Task requirements
Look below for the line containing "UNIV \<longleftrightarrow> (f"; from there through the line containing "((\<lambda>j. f (the", both lines included, please set down each line exactly and nothing else.
= = = =
text \<open>Take \<open>\<ell>\<^sup>2(\<nat>)\<close>; the even indices \<open>2a\<close> carry the vertices \<open>a\<close> of the
  rooted \<open>m\<close>-ary tree (the children of \<open>a\<close> are \<open>m a + i + 1\<close>, \<open>i < m\<close>) and the odd
  indices form a chain \<open>\<dots> \<rightarrow> 5 \<rightarrow> 3 \<rightarrow> 1 \<rightarrow> 0\<close> ending in the root. The generators
  \<open>T\<^sub>i\<close>, \<open>i < m\<close>, are the isometric tree shifts, \<open>T\<^sub>m\<close> moves down the chain with
  weight \<open>c = sqrt (1 - t)\<close> on the last edge \<open>1 \<rightarrow> 0\<close>, and the other generators vanish.
  Every basis vector except \<open>e\<^sub>0\<close> has exactly one incoming edge of weight 1, so
  \<open>I - \<phi>(I) = t P\<^sub>0\<close> has rank one, while \<open>\<phi>\<^sup>*(I)\<close> is diagonal with entry \<open>m\<close> at every
  tree vertex and hence has norm \<open>m\<close>. Finally
  \<open>\<langle>(I - \<phi>(I)) T\<^sub>\<alpha>\<^sup>* e\<^sub>j, T\<^sub>\<alpha>\<^sup>* e\<^sub>j\<rangle> = t \<bar>\<langle>T\<^sub>\<alpha>\<^sup>* e\<^sub>j, e\<^sub>0\<rangle>\<bar>\<^sup>2\<close> equals \<open>t\<close> exactly
  when \<open>\<alpha>\<close> is a word in the tree letters leading from the root to \<open>j\<close>, so the \<open>k\<close>-th
  numerator of the curvature is \<open>t (1 + m + \<dots> + m\<^sup>k)\<close> and every quotient equals \<open>t\<close>.\<close>

lemma has_sum_sum:
  fixes f :: "'i \<Rightarrow> 'a \<Rightarrow> 'b::topological_comm_monoid_add"
  assumes "finite I" and "\<And>i. i \<in> I \<Longrightarrow> (f i has_sum s i) A"
  shows "((\<lambda>x. \<Sum>i\<in>I. f i x) has_sum (\<Sum>i\<in>I. s i)) A"
  using assms by (induction I rule: finite_induct) (simp_all add: has_sum_add)

section \<open>Diagonal operators\<close>

lemma l2_UNIV: "l2 UNIV = {x. summable (\<lambda>j. (cmod (x j))\<^sup>2)}"
  by (simp add: l2_def)

definition diag_op :: "(nat \<Rightarrow> real) \<Rightarrow> op" where
  "diag_op D x = (\<lambda>k. complex_of_real (D k) * x k)"

lemma inner_diag_op_le:
  assumes D0: "\<And>k. 0 \<le> D k" and D1: "\<And>k. D k \<le> 1" and x: "x \<in> l2 UNIV"
  shows "Re (inner_l2 (diag_op D x) x) \<le> Re (inner_l2 x x)"
proof -
  have sx: "summable (\<lambda>k. (cmod (x k))\<^sup>2)"
    using x by (simp add: l2_UNIV)
  have le: "D k * (cmod (x k))\<^sup>2 \<le> (cmod (x k))\<^sup>2" for k
    using D0 D1 by (simp add: mult_left_le_one_le)
  have sD: "summable (\<lambda>k. D k * (cmod (x k))\<^sup>2)"
    by (rule summable_comparison_test'[OF sx]) (use D0 le in auto)
  have "inner_l2 (diag_op D x) x = (\<Sum>k. complex_of_real (D k * (cmod (x k))\<^sup>2))"
    unfolding inner_l2_def diag_op_def by (simp only: of_real_mult complex_norm_square mult.assoc)
  also have "\<dots> = complex_of_real (\<Sum>k. D k * (cmod (x k))\<^sup>2)"
    by (rule suminf_of_real[OF sD, symmetric])
  finally have Dx: "inner_l2 (diag_op D x) x = complex_of_real (\<Sum>k. D k * (cmod (x k))\<^sup>2)" .
  have "inner_l2 x x = (\<Sum>k. complex_of_real ((cmod (x k))\<^sup>2))"
    unfolding inner_l2_def by (simp only: complex_norm_square)
  also have "\<dots> = complex_of_real (\<Sum>k. (cmod (x k))\<^sup>2)"
    by (rule suminf_of_real[OF sx, symmetric])
  finally show ?thesis
    using Dx suminf_le[OF le sD sx] by simp
qed

lemma scaled_evec_sums: "(\<lambda>j. (cmod (complex_of_real M * evec a j))\<^sup>2) sums M\<^sup>2"
proof -
  have "(\<lambda>j. (cmod (complex_of_real M * evec a j))\<^sup>2) = (\<lambda>j. if j = a then M\<^sup>2 else 0)"
    by (simp add: evec_def fun_eq_iff)
  then show ?thesis
    using sums_single[of a "\<lambda>_. M\<^sup>2"] by simp
qed

lemma evec_l2: "evec a \<in> l2 UNIV" and norm_l2_evec: "norm_l2 (evec a) = 1"
  using scaled_evec_sums[of 1 a] by (auto simp: l2_UNIV norm_l2_def sums_iff)

lemma opnorm_diag_op:
  assumes D0: "\<And>j. 0 \<le> D j" and DM: "\<And>j. D j \<le> M" and "D a = M"
  shows "opnorm UNIV (diag_op D) = M"
  unfolding opnorm_def
proof (rule cSup_eq_maximum)
  have M0: "0 \<le> M"
    using D0 assms(3) by metis
  have "diag_op D (evec a) = (\<lambda>j. complex_of_real M * evec a j)"
    using assms(3) by (simp add: diag_op_def evec_def fun_eq_iff)
  then have "norm_l2 (diag_op D (evec a)) = M"
    using scaled_evec_sums[of M a] M0 by (simp add: norm_l2_def sums_iff)
  then show "M \<in> {norm_l2 (diag_op D x) |x. x \<in> l2 UNIV \<and> norm_l2 x \<le> 1}"
    using evec_l2[of a] norm_l2_evec[of a] by force
next
  fix y assume "y \<in> {norm_l2 (diag_op D x) |x. x \<in> l2 UNIV \<and> norm_l2 x \<le> 1}"
  then obtain x where x: "x \<in> l2 UNIV" "norm_l2 x \<le> 1" and y: "y = norm_l2 (diag_op D x)"
    by auto
  have M0: "0 \<le> M"
    using D0 assms(3) by metis
  have sx: "summable (\<lambda>k. (cmod (x k))\<^sup>2)"
    using x by (simp add: l2_UNIV)
  have le: "(cmod (diag_op D x j))\<^sup>2 \<le> M\<^sup>2 * (cmod (x j))\<^sup>2" for j
  proof -
    have "(D j)\<^sup>2 \<le> M\<^sup>2"
      using D0[of j] DM[of j] by (intro power_mono) auto
    then show ?thesis
      using D0[of j] by (simp add: diag_op_def norm_mult power_mult_distrib mult_right_mono)
  qed
  have sM: "summable (\<lambda>j. M\<^sup>2 * (cmod (x j))\<^sup>2)"
    using sx by (rule summable_mult)
  have "(\<Sum>j. (cmod (diag_op D x j))\<^sup>2) \<le> M\<^sup>2 * (\<Sum>j. (cmod (x j))\<^sup>2)"
    using suminf_le[OF le summable_comparison_test'[OF sM] sM] le suminf_mult[OF sx] by simp
  then have "y \<le> sqrt (M\<^sup>2 * (\<Sum>j. (cmod (x j))\<^sup>2))"
    unfolding y norm_l2_def by (rule real_sqrt_le_mono)
  also have "\<dots> = M * norm_l2 x"
    using M0 by (simp add: norm_l2_def real_sqrt_mult)
  also have "\<dots> \<le> M"
    using x(2) M0 by (simp add: mult_left_le)
  finally show "y \<le> M" .
qed

section \<open>Weighted shifts along partial bijections\<close>

definition partial_inverse :: "(nat \<Rightarrow> nat option) \<Rightarrow> (nat \<Rightarrow> nat option) \<Rightarrow> bool" where
  "partial_inverse \<rho> \<sigma> \<longleftrightarrow> (\<forall>j k. \<rho> k = Some j \<longleftrightarrow> \<sigma> j = Some k)"

lemma partial_inverse_sym: "partial_inverse \<rho> \<sigma> \<Longrightarrow> partial_inverse \<sigma> \<rho>"
  by (auto simp: partial_inverse_def)

lemma partial_inverseD:
  assumes "partial_inverse \<rho> \<sigma>"
  shows "\<rho> k = Some j \<Longrightarrow> \<sigma> j = Some k" and "\<sigma> j = Some k \<Longrightarrow> \<rho> k = Some j"
  using assms by (auto simp: partial_inverse_def)

lemma has_sum_reindex_partial_inverse:
  fixes f :: "nat \<Rightarrow> 'a::{comm_monoid_add, topological_space}"
  assumes inv: "partial_inverse \<rho> \<sigma>" and "\<And>k. \<rho> k = None \<Longrightarrow> f k = 0"
  shows "(f has_sum s) UNIV \<longleftrightarrow> ((\<lambda>j. case \<sigma> j of None \<Rightarrow> 0 | Some k \<Rightarrow> f k) has_sum s) UNIV"
proof -
  have inv': "\<rho> k = Some j \<longleftrightarrow> \<sigma> j = Some k" for j k
    using inv by (simp add: partial_inverse_def)
  have "(f has_sum s) UNIV \<longleftrightarrow> (f has_sum s) {k. \<rho> k \<noteq> None}"
    by (rule has_sum_cong_neutral) (use assms(2) in auto)
  also have "\<dots> \<longleftrightarrow> ((\<lambda>j. f (the (\<sigma> j))) has_sum s) {j. \<sigma> j \<noteq> None}"
  proof (rule has_sum_reindex_bij_witness[where i = "\<lambda>j. the (\<sigma> j)" and j = "\<lambda>k. the (\<rho> k)"])
    fix k assume "k \<in> {k. \<rho> k \<noteq> None}"
    then obtain j where "\<rho> k = Some j" and "\<sigma> j = Some k"
      using inv' by auto
    then show "the (\<sigma> (the (\<rho> k))) = k" and "the (\<rho> k) \<in> {j. \<sigma> j \<noteq> None}"
      and "f (the (\<sigma> (the (\<rho> k)))) = f k"
      by auto
  next
    fix j assume "j \<in> {j. \<sigma> j \<noteq> None}"
    then obtain k where "\<sigma> j = Some k" and "\<rho> k = Some j"
      using inv' by auto
    then show "the (\<rho> (the (\<sigma> j))) = j" and "the (\<sigma> j) \<in> {k. \<rho> k \<noteq> None}"
      by auto
  qed simp
  also have "\<dots> \<longleftrightarrow> ((\<lambda>j. case \<sigma> j of None \<Rightarrow> 0 | Some k \<Rightarrow> f k) has_sum s) UNIV"
    by (rule has_sum_cong_neutral) (auto split: option.splits)
  finally show ?thesis .
qed

text \<open>If \<open>\<rho>\<close> and \<open>\<sigma>\<close> are partial inverses, \<open>wshift \<rho> W\<close> maps \<open>e\<^sub>j\<close> to
  \<open>W (\<sigma> j) j \<cdot> e\<^bsub>\<sigma> j\<^esub>\<close> (or to 0 if \<open>\<sigma> j\<close> is undefined).\<close>
definition wshift :: "(nat \<Rightarrow> nat option) \<Rightarrow> (nat \<Rightarrow> nat \<Rightarrow> real) \<Rightarrow> op" where
  "wshift \<rho> W x = (\<lambda>k. case \<rho> k of None \<Rightarrow> 0 | Some j \<Rightarrow> complex_of_real (W k j) * x j)"

lemma wshift_l2:
  assumes inv: "partial_inverse \<rho> \<sigma>" and W: "\<And>k j. \<bar>W k j\<bar> \<le> B"
    and x: "summable (\<lambda>j. (cmod (x j))\<^sup>2)"
  shows "summable (\<lambda>k. (cmod (wshift \<rho> W x k))\<^sup>2)"
    and "(\<Sum>k. (cmod (wshift \<rho> W x k))\<^sup>2) \<le> B\<^sup>2 * (\<Sum>j. (cmod (x j))\<^sup>2)"
proof -
  define f where "f k = (cmod (wshift \<rho> W x k))\<^sup>2" for k
  define g where "g j = (case \<sigma> j of None \<Rightarrow> 0 | Some k \<Rightarrow> f k)" for j
  have g: "g j = (case \<sigma> j of None \<Rightarrow> 0 | Some k \<Rightarrow> (W k j)\<^sup>2 * (cmod (x j))\<^sup>2)" for j
    by (cases "\<sigma> j")
      (auto simp: g_def f_def wshift_def norm_mult power_mult_distrib dest: partial_inverseD(2)[OF inv])
  have g_nonneg: "0 \<le> g j" for j
    by (simp add: g split: option.split)
  have g_le: "g j \<le> B\<^sup>2 * (cmod (x j))\<^sup>2" for j
  proof (cases "\<sigma> j")
    case (Some k)
    have "(W k j)\<^sup>2 \<le> B\<^sup>2"
      using W[of k j] abs_le_square_iff[of "W k j" B] by simp
    then show ?thesis
      using Some by (simp add: g mult_right_mono)
  qed (simp add: g)
  have Bx: "summable (\<lambda>j. B\<^sup>2 * (cmod (x j))\<^sup>2)"
    using x by (rule summable_mult)
  have sg: "summable g"
    by (rule summable_comparison_test'[OF Bx]) (use g_nonneg g_le in auto)
  have "(g has_sum suminf g) UNIV"
    using sg g_nonneg by (intro sums_nonneg_imp_has_sum) (auto simp: summable_sums)
  then have "(f has_sum suminf g) UNIV"
    unfolding g_def by (subst has_sum_reindex_partial_inverse[OF inv]) (auto simp: f_def wshift_def)
  then have f_sums: "f sums suminf g"
    by (rule has_sum_imp_sums)
  then show "summable (\<lambda>k. (cmod (wshift \<rho> W x k))\<^sup>2)"
    unfolding f_def by (rule sums_summable)
  have "suminf g \<le> B\<^sup>2 * (\<Sum>j. (cmod (x j))\<^sup>2)"
    using suminf_le[OF g_le sg Bx] suminf_mult[OF x] by simp
  then show "(\<Sum>k. (cmod (wshift \<rho> W x k))\<^sup>2) \<le> B\<^sup>2 * (\<Sum>j. (cmod (x j))\<^sup>2)"
    using f_sums unfolding f_def by (simp add: sums_iff)
qed

lemma bounded_op_wshift:
  assumes "partial_inverse \<rho> \<sigma>" and W: "\<And>k j. \<bar>W k j\<bar> \<le> B"
  shows "bounded_op UNIV (wshift \<rho> W)"
  unfolding bounded_op_def
proof (intro conjI ballI allI exI)
  fix x assume "x \<in> l2 UNIV"
  then show "wshift \<rho> W x \<in> l2 UNIV"
    using wshift_l2(1)[OF assms] by (simp add: l2_UNIV)
next
  fix x y c
  show "wshift \<rho> W (\<lambda>j. x j + c * y j) = (\<lambda>j. wshift \<rho> W x j + c * wshift \<rho> W y j)"
    by (auto simp: wshift_def algebra_simps split: option.split)
next
  fix x assume "x \<in> l2 UNIV"
  then have "norm_l2 (wshift \<rho> W x) \<le> sqrt (B\<^sup>2 * (\<Sum>j. (cmod (x j))\<^sup>2))"
    unfolding norm_l2_def using wshift_l2(2)[OF assms] by (simp add: l2_UNIV)
  moreover have "0 \<le> B"
    using W[of 0 0] by simp
  ultimately show "norm_l2 (wshift \<rho> W x) \<le> B * norm_l2 x"
    by (simp add: norm_l2_def real_sqrt_mult)
qed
= = = =
Reply to the exercise
  have "(f has_sum s) UNIV \<longleftrightarrow> (f has_sum s) {k. \<rho> k \<noteq> None}"
    by (rule has_sum_cong_neutral) (use assms(2) in auto)
  also have "\<dots> \<longleftrightarrow> ((\<lambda>j. f (the (\<sigma> j))) has_sum s) {j. \<sigma> j \<noteq> None}"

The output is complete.